lemma reaches_mu_search:
  assumes g: "computes (Suc n) cg g" and xs: "length xs = n"
    and found: "g (y0 # xs) = 0" and below: "\<And>y. y < y0 \<Longrightarrow> g (y # xs) \<noteq> 0"
    and "y \<le> y0"
  shows "reaches (pair (code_cons (task_eval cg (list_encode (y # xs)))
      (code_cons (task_mu cg y (list_encode xs)) T)) (code_cons v S)) (pair T (code_cons (code_cons y0 v) S))"
  using \<open>y \<le> y0\<close>
proof (induction y rule: inc_induct)
  case base
  have "reaches (pair (code_cons (task_eval cg (list_encode (y0 # xs))) (code_cons (task_mu cg y0 (list_encode xs)) T))
      (code_cons v S)) (pair (code_cons (task_mu cg y0 (list_encode xs)) T) (code_cons (code_cons 0 v) S))"
    using computesD[OF g, of "y0 # xs"] xs found by simp
  also have "reaches \<dots> (pair T (code_cons (code_cons y0 v) S))"
    by (simp add: reaches_step step_simps)
  finally show ?case .
next
  case (step y)
  have "reaches (pair (code_cons (task_eval cg (list_encode (y # xs))) (code_cons (task_mu cg y (list_encode xs)) T))
      (code_cons v S)) (pair (code_cons (task_mu cg y (list_encode xs)) T) (code_cons (code_cons (g (y # xs)) v) S))"
    using computesD[OF g, of "y # xs"] xs by simp
  also have "reaches \<dots> (pair (code_cons (task_eval cg (list_encode (Suc y # xs)))
      (code_cons (task_mu cg (Suc y) (list_encode xs)) T)) (code_cons v S))"
    using below[OF step.hyps(2)] by (simp add: reaches_step step_simps)
  also have "reaches \<dots> (pair T (code_cons (code_cons y0 v) S))"
    by (rule step.IH)
  finally show ?case .
qed

lemma computes_mu:
  assumes g: "computes (Suc n) cg g" and total: "\<forall>xs. length xs = n \<longrightarrow> (\<exists>y. g (y # xs) = 0)"
  shows "computes n (code_mu cg) (\<lambda>xs. LEAST y. g (y # xs) = 0)"
  unfolding computes_def
proof (intro allI impI)
  fix xs :: "nat list" and T v S assume xs: "length xs = n"
  define y0 where "y0 = (LEAST y. g (y # xs) = 0)"
  have found: "g (y0 # xs) = 0"
    unfolding y0_def by (rule LeastI_ex) (use total xs in blast)
  have below: "g (y # xs) \<noteq> 0" if "y < y0" for y
    using that unfolding y0_def by (rule not_less_Least)
  have "reaches (pair (code_cons (task_eval (code_mu cg) (list_encode xs)) T) (code_cons v S))
      (pair (code_cons (task_eval cg (list_encode (0 # xs))) (code_cons (task_mu cg 0 (list_encode xs)) T))
        (code_cons v S))"
    by (simp add: reaches_step step_simps)
  also have "reaches \<dots> (pair T (code_cons (code_cons y0 v) S))"
    by (rule reaches_mu_search[OF g xs found below]) simp_all
  finally show "reaches (pair (code_cons (task_eval (code_mu cg) (list_encode xs)) T) (code_cons v S))
      (pair T (code_cons (code_cons (LEAST y. g (y # xs) = 0) v) S))"
    unfolding y0_def .
qed

theorem recfn_imp_computes: "recfn n f \<Longrightarrow> \<exists>c. computes n c f"
proof (induction rule: recfn.induct)
  case (rf_zero n)
  have "computes n code_zero (\<lambda>_. 0)"
    unfolding computes_def by (simp add: reaches_step step_simps)
  then show ?case ..
next
  case rf_succ
  have "computes 1 code_succ (\<lambda>xs. Suc (hd xs))"
    unfolding computes_def by (auto simp: length_Suc_conv reaches_step step_simps)
  then show ?case ..
next
  case (rf_proj i n)
  then have "computes n (code_proj i) (\<lambda>xs. xs ! i)"
    unfolding computes_def by (simp add: reaches_step step_simps code_nth_list_encode)
  then show ?case ..
next
  case (rf_comp m g fs n)
  obtain cg where "computes m cg g" using rf_comp.IH(1) ..
  moreover obtain cs where "list_all2 (computes n) cs fs"
  proof -
    have "\<forall>i<m. \<exists>c. computes n c (fs ! i)" using rf_comp.IH(2) by blast
    then obtain c where "\<forall>i<m. computes n (c i) (fs ! i)" by metis
    then have "list_all2 (computes n) (map c [0..<m]) fs"
      using rf_comp.hyps(2) by (auto intro: list_all2_all_nthI)
    then show ?thesis by (rule that)
  qed
  ultimately show ?case using computes_comp rf_comp.hyps(2) by blast
next
  case (rf_prim n g h)
  then show ?case using computes_prim by blast
next
  case (rf_mu n g)
  then show ?case using computes_mu by blast
next
  case (rf_ext n f f')
  then show ?case unfolding computes_def by auto
qed

section \<open>Recursively inseparable halting sets\<close>

definition initial :: "nat \<Rightarrow> nat \<Rightarrow> nat" where
  "initial c x = pair (code_cons (task_eval c (list_encode [x])) 0) (code_cons 0 0)"

definition halts_with :: "nat \<Rightarrow> nat \<Rightarrow> nat \<Rightarrow> bool" where
  "halts_with v c k \<longleftrightarrow>
    unpair1 ((step ^^ k) (initial c c)) = 0 \<and> code_hd (code_hd (unpair2 ((step ^^ k) (initial c c)))) = v"

lemma halted_stays: "(step ^^ k) (pair 0 S) = pair 0 S"
  by (induction k) (simp_all add: step_simps)

lemma halted_unique:
  assumes "(step ^^ t) z = pair 0 S" and "unpair1 ((step ^^ k) z) = 0"
  shows "(step ^^ k) z = pair 0 S"
proof (cases "k \<le> t")
  case True
  have halted: "(step ^^ k) z = pair 0 (unpair2 ((step ^^ k) z))"
    using assms(2) by (metis prod.collapse prod_decode_inverse)
  have "(step ^^ t) z = (step ^^ (t - k)) ((step ^^ k) z)"
    using True by (metis funpow_add le_add_diff_inverse2 o_apply)
  also have "\<dots> = (step ^^ k) z"
    by (metis halted halted_stays)
  finally show ?thesis using assms(1) by simp
next
  case False
  then have "(step ^^ k) z = (step ^^ (k - t)) ((step ^^ t) z)"
    by (metis funpow_add le_add_diff_inverse2 nat_le_linear o_apply)
  then show ?thesis using assms(1) by (simp add: halted_stays)
qed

YOUR INSTRUCTIONS:
Give the data back exactly as it stands.

ANSWER FOR THE TASK:
lemma reaches_mu_search:
  assumes g: "computes (Suc n) cg g" and xs: "length xs = n"
    and found: "g (y0 # xs) = 0" and below: "\<And>y. y < y0 \<Longrightarrow> g (y # xs) \<noteq> 0"
    and "y \<le> y0"
  shows "reaches (pair (code_cons (task_eval cg (list_encode (y # xs)))
      (code_cons (task_mu cg y (list_encode xs)) T)) (code_cons v S)) (pair T (code_cons (code_cons y0 v) S))"
  using \<open>y \<le> y0\<close>
proof (induction y rule: inc_induct)
  case base
  have "reaches (pair (code_cons (task_eval cg (list_encode (y0 # xs))) (code_cons (task_mu cg y0 (list_encode xs)) T))
      (code_cons v S)) (pair (code_cons (task_mu cg y0 (list_encode xs)) T) (code_cons (code_cons 0 v) S))"
    using computesD[OF g, of "y0 # xs"] xs found by simp
  also have "reaches \<dots> (pair T (code_cons (code_cons y0 v) S))"
    by (simp add: reaches_step step_simps)
  finally show ?case .
next
  case (step y)
  have "reaches (pair (code_cons (task_eval cg (list_encode (y # xs))) (code_cons (task_mu cg y (list_encode xs)) T))
      (code_cons v S)) (pair (code_cons (task_mu cg y (list_encode xs)) T) (code_cons (code_cons (g (y # xs)) v) S))"
    using computesD[OF g, of "y # xs"] xs by simp
  also have "reaches \<dots> (pair (code_cons (task_eval cg (list_encode (Suc y # xs)))
      (code_cons (task_mu cg (Suc y) (list_encode xs)) T)) (code_cons v S))"
    using below[OF step.hyps(2)] by (simp add: reaches_step step_simps)
  also have "reaches \<dots> (pair T (code_cons (code_cons y0 v) S))"
    by (rule step.IH)
  finally show ?case .
qed

lemma computes_mu:
  assumes g: "computes (Suc n) cg g" and total: "\<forall>xs. length xs = n \<longrightarrow> (\<exists>y. g (y # xs) = 0)"
  shows "computes n (code_mu cg) (\<lambda>xs. LEAST y. g (y # xs) = 0)"
  unfolding computes_def
proof (intro allI impI)
  fix xs :: "nat list" and T v S assume xs: "length xs = n"
  define y0 where "y0 = (LEAST y. g (y # xs) = 0)"
  have found: "g (y0 # xs) = 0"
    unfolding y0_def by (rule LeastI_ex) (use total xs in blast)
  have below: "g (y # xs) \<noteq> 0" if "y < y0" for y
    using that unfolding y0_def by (rule not_less_Least)
  have "reaches (pair (code_cons (task_eval (code_mu cg) (list_encode xs)) T) (code_cons v S))
      (pair (code_cons (task_eval cg (list_encode (0 # xs))) (code_cons (task_mu cg 0 (list_encode xs)) T))
        (code_cons v S))"
    by (simp add: reaches_step step_simps)
  also have "reaches \<dots> (pair T (code_cons (code_cons y0 v) S))"
    by (rule reaches_mu_search[OF g xs found below]) simp_all
  finally show "reaches (pair (code_cons (task_eval (code_mu cg) (list_encode xs)) T) (code_cons v S))
      (pair T (code_cons (code_cons (LEAST y. g (y # xs) = 0) v) S))"
    unfolding y0_def .
qed

theorem recfn_imp_computes: "recfn n f \<Longrightarrow> \<exists>c. computes n c f"
proof (induction rule: recfn.induct)
  case (rf_zero n)
  have "computes n code_zero (\<lambda>_. 0)"
    unfolding computes_def by (simp add: reaches_step step_simps)
  then show ?case ..
next
  case rf_succ
  have "computes 1 code_succ (\<lambda>xs. Suc (hd xs))"
    unfolding computes_def by (auto simp: length_Suc_conv reaches_step step_simps)
  then show ?case ..
next
  case (rf_proj i n)
  then have "computes n (code_proj i) (\<lambda>xs. xs ! i)"
    unfolding computes_def by (simp add: reaches_step step_simps code_nth_list_encode)
  then show ?case ..
next
  case (rf_comp m g fs n)
  obtain cg where "computes m cg g" using rf_comp.IH(1) ..
  moreover obtain cs where "list_all2 (computes n) cs fs"
  proof -
    have "\<forall>i<m. \<exists>c. computes n c (fs ! i)" using rf_comp.IH(2) by blast
    then obtain c where "\<forall>i<m. computes n (c i) (fs ! i)" by metis
    then have "list_all2 (computes n) (map c [0..<m]) fs"
      using rf_comp.hyps(2) by (auto intro: list_all2_all_nthI)
    then show ?thesis by (rule that)
  qed
  ultimately show ?case using computes_comp rf_comp.hyps(2) by blast
next
  case (rf_prim n g h)
  then show ?case using computes_prim by blast
next
  case (rf_mu n g)
  then show ?case using computes_mu by blast
next
  case (rf_ext n f f')
  then show ?case unfolding computes_def by auto
qed

section \<open>Recursively inseparable halting sets\<close>

definition initial :: "nat \<Rightarrow> nat \<Rightarrow> nat" where
  "initial c x = pair (code_cons (task_eval c (list_encode [x])) 0) (code_cons 0 0)"

definition halts_with :: "nat \<Rightarrow> nat \<Rightarrow> nat \<Rightarrow> bool" where
  "halts_with v c k \<longleftrightarrow>
    unpair1 ((step ^^ k) (initial c c)) = 0 \<and> code_hd (code_hd (unpair2 ((step ^^ k) (initial c c)))) = v"

lemma halted_stays: "(step ^^ k) (pair 0 S) = pair 0 S"
  by (induction k) (simp_all add: step_simps)

lemma halted_unique:
  assumes "(step ^^ t) z = pair 0 S" and "unpair1 ((step ^^ k) z) = 0"
  shows "(step ^^ k) z = pair 0 S"
proof (cases "k \<le> t")
  case True
  have halted: "(step ^^ k) z = pair 0 (unpair2 ((step ^^ k) z))"
    using assms(2) by (metis prod.collapse prod_decode_inverse)
  have "(step ^^ t) z = (step ^^ (t - k)) ((step ^^ k) z)"
    using True by (metis funpow_add le_add_diff_inverse2 o_apply)
  also have "\<dots> = (step ^^ k) z"
    by (metis halted halted_stays)
  finally show ?thesis using assms(1) by simp
next
  case False
  then have "(step ^^ k) z = (step ^^ (k - t)) ((step ^^ t) z)"
    by (metis funpow_add le_add_diff_inverse2 nat_le_linear o_apply)
  then show ?thesis using assms(1) by (simp add: halted_stays)
qed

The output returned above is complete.